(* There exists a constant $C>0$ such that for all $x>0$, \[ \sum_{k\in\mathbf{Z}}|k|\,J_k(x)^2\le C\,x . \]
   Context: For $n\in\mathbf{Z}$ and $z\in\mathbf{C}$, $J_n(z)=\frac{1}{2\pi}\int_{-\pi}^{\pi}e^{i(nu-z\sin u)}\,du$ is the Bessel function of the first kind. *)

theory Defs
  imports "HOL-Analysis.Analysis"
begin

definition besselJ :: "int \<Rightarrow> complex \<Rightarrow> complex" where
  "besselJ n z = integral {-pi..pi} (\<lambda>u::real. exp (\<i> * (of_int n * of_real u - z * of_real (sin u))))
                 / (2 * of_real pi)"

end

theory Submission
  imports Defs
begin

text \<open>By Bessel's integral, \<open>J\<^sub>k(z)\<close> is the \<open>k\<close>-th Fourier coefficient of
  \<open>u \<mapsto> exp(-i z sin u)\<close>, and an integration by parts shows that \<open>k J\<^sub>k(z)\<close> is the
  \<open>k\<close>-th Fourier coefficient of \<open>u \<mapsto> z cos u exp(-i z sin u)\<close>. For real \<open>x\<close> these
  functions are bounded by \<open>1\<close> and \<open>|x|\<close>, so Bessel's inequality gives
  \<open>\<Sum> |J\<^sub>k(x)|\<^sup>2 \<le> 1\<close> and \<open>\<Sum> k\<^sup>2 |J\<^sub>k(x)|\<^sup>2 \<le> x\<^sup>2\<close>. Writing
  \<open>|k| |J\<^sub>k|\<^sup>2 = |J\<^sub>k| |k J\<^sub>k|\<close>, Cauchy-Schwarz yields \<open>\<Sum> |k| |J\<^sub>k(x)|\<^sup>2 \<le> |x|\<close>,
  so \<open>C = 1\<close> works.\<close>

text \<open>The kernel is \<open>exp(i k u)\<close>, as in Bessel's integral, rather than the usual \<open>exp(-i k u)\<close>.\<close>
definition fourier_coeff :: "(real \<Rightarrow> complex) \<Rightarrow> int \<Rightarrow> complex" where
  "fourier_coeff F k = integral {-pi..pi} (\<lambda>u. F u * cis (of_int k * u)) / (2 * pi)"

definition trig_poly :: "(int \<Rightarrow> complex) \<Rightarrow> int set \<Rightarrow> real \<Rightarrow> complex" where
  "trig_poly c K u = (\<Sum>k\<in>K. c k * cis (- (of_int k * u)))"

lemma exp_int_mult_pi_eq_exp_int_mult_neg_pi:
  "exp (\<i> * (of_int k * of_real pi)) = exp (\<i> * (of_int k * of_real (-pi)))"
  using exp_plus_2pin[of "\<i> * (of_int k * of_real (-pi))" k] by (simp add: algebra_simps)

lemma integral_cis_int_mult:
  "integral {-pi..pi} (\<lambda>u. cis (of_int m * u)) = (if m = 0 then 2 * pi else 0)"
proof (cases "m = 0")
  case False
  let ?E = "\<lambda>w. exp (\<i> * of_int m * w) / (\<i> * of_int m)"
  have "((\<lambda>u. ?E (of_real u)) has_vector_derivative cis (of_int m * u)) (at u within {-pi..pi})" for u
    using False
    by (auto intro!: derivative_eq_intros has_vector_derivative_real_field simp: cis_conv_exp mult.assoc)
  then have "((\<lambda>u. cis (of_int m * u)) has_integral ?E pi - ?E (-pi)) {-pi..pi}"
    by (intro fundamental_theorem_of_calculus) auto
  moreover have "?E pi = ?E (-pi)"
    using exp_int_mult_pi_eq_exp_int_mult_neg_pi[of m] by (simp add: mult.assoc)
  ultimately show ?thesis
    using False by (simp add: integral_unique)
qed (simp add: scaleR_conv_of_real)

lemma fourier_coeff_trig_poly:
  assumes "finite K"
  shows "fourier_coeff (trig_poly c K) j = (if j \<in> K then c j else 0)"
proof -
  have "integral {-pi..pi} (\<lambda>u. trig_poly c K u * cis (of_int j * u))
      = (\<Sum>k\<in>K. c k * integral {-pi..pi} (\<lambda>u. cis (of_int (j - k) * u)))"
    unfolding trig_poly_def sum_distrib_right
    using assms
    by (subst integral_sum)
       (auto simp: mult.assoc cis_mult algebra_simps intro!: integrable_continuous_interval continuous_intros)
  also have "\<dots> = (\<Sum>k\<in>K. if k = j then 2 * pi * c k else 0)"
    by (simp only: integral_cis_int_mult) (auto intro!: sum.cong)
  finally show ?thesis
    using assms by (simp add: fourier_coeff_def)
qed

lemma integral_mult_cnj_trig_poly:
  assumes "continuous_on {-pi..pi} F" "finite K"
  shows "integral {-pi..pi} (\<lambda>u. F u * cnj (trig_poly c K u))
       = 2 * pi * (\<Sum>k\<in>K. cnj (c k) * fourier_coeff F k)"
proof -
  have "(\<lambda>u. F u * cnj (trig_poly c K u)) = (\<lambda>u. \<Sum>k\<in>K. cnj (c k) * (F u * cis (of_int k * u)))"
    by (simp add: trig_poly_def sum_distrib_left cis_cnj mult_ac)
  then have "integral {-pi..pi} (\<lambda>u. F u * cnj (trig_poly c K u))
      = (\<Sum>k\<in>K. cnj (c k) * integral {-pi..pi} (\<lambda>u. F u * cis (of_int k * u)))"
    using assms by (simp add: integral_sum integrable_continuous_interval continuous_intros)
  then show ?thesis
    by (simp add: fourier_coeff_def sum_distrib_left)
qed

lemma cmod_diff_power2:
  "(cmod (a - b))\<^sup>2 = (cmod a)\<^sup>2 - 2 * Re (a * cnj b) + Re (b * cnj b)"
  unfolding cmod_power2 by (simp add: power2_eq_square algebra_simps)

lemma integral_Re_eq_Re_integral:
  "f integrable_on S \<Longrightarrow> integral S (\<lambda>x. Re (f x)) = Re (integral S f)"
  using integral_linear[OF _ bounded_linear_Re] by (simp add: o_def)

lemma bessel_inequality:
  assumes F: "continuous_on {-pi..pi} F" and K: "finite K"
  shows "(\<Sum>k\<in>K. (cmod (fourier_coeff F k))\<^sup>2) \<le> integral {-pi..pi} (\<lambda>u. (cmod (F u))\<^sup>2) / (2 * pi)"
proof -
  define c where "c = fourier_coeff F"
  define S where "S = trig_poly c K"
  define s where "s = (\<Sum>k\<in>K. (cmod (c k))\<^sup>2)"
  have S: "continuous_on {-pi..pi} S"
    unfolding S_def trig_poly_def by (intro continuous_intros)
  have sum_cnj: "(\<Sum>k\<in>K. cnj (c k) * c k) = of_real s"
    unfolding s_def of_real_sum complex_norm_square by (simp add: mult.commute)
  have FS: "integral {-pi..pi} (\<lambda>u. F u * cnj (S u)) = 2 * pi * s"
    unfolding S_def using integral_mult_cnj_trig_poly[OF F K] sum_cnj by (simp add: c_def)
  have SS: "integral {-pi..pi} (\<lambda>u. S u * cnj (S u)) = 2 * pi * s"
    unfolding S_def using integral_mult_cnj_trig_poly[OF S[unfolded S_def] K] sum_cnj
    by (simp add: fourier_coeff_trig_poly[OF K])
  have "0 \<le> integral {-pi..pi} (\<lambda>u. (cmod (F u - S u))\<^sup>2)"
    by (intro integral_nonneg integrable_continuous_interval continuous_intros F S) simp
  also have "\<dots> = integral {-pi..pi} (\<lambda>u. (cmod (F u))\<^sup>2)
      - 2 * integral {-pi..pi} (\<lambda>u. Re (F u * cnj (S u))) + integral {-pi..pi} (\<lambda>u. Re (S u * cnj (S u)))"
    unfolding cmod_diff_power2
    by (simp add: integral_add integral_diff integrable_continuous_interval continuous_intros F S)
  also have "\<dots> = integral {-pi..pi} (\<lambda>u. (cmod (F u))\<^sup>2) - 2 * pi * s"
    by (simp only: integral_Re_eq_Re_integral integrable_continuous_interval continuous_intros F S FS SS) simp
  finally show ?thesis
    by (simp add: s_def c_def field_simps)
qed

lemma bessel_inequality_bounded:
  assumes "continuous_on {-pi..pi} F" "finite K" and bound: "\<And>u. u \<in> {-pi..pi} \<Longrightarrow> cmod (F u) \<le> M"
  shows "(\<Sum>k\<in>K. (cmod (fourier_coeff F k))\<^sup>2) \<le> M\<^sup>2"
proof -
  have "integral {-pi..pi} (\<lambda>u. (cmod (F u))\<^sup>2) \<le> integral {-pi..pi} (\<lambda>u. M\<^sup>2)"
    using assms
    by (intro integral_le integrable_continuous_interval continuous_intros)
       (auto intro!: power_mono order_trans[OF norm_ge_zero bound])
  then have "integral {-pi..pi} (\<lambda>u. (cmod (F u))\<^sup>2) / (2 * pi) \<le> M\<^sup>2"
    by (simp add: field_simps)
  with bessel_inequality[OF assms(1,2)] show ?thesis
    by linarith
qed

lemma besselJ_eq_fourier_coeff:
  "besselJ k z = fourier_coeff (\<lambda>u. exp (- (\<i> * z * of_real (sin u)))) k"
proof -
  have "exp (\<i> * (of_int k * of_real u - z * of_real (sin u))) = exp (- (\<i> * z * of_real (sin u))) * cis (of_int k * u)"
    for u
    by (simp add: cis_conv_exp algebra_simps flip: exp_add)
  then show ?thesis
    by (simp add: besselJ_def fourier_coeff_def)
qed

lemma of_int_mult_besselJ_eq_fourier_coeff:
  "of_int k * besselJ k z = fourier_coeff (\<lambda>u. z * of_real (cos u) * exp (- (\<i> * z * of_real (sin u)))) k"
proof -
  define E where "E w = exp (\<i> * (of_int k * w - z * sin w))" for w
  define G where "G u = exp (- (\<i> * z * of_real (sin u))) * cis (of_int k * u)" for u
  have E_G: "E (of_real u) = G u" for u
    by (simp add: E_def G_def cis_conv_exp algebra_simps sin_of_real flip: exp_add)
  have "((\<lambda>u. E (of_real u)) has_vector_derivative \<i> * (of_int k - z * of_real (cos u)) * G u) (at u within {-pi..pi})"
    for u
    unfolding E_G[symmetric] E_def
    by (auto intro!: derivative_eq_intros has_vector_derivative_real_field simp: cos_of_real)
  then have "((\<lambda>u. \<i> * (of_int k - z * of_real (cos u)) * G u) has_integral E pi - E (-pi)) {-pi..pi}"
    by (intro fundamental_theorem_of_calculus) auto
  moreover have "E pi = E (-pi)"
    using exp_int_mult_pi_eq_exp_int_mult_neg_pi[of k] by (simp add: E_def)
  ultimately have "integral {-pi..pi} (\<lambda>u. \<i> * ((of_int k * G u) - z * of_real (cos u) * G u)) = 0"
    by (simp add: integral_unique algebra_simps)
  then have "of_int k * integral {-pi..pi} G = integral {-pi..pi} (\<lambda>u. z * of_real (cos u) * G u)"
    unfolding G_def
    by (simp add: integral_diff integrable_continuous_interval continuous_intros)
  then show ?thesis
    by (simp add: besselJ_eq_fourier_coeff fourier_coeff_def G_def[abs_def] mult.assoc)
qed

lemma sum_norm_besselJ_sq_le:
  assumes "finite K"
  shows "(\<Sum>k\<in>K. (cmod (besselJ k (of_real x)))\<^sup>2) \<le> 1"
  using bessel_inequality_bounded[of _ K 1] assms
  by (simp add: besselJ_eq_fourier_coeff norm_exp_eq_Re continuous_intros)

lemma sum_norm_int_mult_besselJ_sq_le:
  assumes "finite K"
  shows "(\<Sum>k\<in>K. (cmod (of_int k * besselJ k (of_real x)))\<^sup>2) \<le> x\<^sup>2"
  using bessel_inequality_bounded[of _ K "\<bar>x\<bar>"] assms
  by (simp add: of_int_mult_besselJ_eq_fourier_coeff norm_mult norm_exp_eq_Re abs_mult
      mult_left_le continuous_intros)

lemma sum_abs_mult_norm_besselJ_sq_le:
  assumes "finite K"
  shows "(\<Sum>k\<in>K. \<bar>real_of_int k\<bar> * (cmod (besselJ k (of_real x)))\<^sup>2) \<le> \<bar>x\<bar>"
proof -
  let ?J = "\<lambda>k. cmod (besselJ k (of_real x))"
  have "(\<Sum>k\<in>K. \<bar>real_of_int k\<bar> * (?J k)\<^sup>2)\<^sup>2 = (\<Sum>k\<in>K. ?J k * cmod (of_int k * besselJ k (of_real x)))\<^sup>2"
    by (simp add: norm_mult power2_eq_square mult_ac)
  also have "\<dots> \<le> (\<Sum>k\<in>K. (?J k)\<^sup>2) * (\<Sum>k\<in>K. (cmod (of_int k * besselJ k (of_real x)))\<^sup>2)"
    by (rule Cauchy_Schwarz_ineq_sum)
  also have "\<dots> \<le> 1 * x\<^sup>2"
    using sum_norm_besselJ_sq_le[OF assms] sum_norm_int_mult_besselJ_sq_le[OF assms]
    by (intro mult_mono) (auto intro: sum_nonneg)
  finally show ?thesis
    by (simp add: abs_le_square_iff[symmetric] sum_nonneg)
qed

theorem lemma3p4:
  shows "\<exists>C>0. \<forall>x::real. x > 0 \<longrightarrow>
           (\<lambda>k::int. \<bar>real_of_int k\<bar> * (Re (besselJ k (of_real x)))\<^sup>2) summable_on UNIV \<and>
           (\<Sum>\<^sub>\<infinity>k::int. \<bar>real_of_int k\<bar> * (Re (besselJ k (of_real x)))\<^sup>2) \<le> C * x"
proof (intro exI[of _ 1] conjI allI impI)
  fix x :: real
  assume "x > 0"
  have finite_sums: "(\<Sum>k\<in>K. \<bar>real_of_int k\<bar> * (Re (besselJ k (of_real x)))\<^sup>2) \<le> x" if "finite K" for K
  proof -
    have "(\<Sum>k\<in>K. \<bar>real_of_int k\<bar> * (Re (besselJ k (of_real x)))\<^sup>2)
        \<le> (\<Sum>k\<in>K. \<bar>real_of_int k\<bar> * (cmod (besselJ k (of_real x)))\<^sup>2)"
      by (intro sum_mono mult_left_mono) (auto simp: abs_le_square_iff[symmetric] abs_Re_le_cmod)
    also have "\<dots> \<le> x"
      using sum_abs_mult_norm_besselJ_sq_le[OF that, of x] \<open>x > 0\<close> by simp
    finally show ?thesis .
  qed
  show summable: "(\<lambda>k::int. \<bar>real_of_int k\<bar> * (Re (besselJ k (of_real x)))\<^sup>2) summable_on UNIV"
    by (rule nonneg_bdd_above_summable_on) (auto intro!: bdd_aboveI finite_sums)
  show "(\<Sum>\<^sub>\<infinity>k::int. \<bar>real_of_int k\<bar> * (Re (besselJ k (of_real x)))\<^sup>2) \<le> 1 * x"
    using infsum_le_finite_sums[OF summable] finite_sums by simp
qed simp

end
________________________
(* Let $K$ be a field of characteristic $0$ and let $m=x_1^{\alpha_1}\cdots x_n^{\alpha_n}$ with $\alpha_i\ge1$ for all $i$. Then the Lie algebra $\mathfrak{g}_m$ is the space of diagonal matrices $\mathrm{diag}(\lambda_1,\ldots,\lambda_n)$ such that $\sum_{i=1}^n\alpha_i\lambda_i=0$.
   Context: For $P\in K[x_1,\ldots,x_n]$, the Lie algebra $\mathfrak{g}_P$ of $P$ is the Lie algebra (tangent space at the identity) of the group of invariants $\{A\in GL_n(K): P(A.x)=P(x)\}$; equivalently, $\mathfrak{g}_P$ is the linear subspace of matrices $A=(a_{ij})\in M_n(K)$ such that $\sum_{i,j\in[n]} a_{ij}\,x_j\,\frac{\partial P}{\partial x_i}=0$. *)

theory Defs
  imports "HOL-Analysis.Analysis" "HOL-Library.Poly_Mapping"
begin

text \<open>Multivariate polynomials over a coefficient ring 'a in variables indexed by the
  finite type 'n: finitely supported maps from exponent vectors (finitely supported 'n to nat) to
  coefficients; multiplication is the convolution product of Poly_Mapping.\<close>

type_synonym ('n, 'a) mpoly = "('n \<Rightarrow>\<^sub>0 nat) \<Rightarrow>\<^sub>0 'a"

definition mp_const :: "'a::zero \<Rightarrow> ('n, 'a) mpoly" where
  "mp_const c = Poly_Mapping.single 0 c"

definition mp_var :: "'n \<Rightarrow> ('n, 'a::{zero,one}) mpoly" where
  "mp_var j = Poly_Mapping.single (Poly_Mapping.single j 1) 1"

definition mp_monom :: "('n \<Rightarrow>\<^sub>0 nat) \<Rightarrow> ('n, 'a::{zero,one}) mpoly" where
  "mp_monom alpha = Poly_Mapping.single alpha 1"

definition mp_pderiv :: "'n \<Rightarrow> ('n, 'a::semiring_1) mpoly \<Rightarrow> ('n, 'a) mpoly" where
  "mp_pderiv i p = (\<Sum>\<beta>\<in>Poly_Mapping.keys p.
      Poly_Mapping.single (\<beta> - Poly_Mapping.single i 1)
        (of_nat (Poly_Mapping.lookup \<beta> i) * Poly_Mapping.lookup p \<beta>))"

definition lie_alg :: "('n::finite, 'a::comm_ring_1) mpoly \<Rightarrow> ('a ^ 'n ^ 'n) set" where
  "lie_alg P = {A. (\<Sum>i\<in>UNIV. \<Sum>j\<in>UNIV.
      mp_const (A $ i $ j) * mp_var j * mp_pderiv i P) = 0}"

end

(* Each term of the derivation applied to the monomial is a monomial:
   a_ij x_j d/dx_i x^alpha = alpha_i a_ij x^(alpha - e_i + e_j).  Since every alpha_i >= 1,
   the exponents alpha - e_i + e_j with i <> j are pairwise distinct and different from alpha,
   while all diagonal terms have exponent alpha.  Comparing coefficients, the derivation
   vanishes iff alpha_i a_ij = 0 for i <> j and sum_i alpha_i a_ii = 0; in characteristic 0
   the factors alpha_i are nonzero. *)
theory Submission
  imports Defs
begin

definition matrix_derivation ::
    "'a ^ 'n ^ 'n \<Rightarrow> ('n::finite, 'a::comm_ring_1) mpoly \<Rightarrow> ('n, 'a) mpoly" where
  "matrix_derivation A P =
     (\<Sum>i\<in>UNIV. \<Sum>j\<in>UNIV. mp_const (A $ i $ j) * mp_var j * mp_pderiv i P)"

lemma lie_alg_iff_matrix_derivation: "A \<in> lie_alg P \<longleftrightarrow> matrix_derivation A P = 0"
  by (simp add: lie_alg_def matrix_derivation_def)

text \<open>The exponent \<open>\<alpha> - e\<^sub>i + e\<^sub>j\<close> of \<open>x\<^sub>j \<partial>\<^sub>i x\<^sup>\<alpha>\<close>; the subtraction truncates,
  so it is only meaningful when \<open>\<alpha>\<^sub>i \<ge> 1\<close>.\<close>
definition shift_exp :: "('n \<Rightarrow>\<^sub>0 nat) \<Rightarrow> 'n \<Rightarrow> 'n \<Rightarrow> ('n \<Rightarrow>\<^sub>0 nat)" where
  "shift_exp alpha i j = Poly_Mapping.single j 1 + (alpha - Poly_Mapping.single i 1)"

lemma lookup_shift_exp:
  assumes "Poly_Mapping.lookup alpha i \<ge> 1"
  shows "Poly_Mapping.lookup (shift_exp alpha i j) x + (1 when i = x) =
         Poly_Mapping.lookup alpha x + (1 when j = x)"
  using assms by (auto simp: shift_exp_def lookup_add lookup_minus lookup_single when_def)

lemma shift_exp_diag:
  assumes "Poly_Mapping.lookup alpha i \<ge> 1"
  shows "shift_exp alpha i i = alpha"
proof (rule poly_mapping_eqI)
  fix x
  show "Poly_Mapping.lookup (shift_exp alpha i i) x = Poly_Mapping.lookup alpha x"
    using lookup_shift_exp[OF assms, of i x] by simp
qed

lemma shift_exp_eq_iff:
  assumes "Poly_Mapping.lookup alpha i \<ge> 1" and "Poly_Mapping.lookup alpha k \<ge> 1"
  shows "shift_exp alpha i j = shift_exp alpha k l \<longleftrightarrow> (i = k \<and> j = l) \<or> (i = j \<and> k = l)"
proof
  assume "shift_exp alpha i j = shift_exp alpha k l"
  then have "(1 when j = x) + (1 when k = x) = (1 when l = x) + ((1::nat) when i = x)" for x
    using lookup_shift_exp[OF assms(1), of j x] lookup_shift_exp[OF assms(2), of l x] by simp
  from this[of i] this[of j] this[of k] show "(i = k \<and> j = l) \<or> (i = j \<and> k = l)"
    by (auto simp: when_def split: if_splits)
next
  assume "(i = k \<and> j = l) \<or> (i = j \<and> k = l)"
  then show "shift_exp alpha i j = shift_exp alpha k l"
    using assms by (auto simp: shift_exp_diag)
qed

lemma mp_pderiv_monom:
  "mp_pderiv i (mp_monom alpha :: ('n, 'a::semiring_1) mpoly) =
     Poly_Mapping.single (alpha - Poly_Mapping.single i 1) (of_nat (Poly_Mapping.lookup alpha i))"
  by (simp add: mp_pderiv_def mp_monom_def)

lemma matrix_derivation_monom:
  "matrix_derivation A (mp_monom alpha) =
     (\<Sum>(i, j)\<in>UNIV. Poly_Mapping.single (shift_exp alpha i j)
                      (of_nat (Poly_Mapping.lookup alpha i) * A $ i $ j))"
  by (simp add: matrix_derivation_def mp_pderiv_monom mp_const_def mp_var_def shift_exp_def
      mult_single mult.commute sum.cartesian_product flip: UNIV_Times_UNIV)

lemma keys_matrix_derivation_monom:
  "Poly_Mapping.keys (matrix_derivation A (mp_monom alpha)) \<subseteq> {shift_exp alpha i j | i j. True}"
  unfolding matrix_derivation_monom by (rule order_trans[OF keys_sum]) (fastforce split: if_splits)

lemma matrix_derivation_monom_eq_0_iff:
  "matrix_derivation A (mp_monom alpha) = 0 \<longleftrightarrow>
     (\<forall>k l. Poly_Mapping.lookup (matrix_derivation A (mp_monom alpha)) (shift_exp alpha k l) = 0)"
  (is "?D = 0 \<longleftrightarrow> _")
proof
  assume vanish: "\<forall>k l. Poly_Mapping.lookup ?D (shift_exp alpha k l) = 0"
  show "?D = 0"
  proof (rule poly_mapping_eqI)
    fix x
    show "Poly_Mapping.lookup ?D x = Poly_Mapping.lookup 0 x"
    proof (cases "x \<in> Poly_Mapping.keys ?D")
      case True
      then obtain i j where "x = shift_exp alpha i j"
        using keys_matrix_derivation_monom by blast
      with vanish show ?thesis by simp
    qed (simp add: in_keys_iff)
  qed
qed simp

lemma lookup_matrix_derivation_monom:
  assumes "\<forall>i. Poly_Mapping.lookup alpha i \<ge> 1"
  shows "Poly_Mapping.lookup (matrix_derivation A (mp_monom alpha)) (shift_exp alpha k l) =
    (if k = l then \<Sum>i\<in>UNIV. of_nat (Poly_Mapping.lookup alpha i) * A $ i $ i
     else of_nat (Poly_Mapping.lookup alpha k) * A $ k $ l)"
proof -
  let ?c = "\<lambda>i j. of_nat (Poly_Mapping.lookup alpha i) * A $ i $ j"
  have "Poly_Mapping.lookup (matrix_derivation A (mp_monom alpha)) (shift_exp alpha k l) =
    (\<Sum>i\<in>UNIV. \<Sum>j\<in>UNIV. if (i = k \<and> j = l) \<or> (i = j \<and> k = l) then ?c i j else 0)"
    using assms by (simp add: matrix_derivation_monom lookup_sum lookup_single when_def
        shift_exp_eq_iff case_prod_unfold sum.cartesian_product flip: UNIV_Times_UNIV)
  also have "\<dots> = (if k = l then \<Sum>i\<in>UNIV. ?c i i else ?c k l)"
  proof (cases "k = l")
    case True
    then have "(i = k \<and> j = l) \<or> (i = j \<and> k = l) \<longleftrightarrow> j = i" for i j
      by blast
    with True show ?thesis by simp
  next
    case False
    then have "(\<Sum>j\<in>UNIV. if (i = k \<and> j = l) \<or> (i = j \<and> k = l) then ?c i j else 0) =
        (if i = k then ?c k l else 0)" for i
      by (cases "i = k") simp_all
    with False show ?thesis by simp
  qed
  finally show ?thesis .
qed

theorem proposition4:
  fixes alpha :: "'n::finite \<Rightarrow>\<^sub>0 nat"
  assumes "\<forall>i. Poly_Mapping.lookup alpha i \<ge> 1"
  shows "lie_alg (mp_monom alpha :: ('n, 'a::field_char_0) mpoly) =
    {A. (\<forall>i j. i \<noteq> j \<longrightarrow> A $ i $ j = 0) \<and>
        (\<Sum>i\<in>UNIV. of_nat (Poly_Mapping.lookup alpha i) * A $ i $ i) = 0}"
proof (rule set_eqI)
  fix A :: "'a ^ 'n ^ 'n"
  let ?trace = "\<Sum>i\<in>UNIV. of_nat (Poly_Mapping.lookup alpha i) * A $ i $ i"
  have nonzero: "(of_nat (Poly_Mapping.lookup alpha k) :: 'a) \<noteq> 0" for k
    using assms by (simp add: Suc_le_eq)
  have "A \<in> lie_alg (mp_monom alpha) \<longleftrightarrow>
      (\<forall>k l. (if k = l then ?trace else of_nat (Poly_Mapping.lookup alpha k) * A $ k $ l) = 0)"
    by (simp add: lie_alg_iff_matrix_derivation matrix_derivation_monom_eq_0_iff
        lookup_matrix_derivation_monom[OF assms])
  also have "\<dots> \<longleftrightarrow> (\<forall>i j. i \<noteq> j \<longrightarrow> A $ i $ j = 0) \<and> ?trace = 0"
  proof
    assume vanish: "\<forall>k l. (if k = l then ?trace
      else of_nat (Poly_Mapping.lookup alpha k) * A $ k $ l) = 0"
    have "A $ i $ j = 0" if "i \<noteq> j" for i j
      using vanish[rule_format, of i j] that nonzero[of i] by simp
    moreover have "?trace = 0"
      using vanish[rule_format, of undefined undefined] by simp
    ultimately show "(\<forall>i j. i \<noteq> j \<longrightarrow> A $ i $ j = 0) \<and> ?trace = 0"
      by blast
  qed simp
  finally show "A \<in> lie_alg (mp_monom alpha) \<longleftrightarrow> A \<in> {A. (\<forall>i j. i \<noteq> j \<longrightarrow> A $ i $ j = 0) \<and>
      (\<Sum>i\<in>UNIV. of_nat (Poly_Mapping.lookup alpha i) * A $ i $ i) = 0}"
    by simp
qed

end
________________________
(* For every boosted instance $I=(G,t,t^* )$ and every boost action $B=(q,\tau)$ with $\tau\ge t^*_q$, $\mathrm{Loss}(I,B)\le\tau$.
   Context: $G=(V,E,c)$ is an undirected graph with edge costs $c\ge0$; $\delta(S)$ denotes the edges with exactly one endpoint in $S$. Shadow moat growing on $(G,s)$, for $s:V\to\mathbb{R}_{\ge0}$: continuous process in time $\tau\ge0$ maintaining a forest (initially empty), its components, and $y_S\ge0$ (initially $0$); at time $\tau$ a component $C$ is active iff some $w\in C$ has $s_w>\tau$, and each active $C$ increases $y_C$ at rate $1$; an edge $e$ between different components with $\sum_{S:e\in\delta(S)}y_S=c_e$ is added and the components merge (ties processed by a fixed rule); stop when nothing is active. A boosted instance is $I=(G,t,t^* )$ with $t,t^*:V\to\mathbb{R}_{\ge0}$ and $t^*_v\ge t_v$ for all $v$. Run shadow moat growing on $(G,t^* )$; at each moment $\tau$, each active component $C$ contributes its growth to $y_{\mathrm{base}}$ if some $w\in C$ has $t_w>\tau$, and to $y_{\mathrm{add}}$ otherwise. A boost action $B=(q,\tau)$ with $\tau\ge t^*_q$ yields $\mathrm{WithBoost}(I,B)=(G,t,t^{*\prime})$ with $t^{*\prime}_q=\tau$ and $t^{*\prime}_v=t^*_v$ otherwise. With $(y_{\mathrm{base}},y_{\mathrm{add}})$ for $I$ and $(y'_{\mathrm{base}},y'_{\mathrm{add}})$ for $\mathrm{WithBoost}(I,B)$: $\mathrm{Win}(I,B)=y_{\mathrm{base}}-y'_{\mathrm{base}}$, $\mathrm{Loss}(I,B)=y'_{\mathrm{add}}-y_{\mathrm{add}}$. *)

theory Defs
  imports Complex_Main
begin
________________________
Reproduce each line in the listing above that mentions the string "diagonal".

**REPLY:**
(* Let $K$ be a field of characteristic $0$ and let $m=x_1^{\alpha_1}\cdots x_n^{\alpha_n}$ with $\alpha_i\ge1$ for all $i$. Then the Lie algebra $\mathfrak{g}_m$ is the space of diagonal matrices $\mathrm{diag}(\lambda_1,\ldots,\lambda_n)$ such that $\sum_{i=1}^n\alpha_i\lambda_i=0$.
   while all diagonal terms have exponent alpha.  Comparing coefficients, the derivation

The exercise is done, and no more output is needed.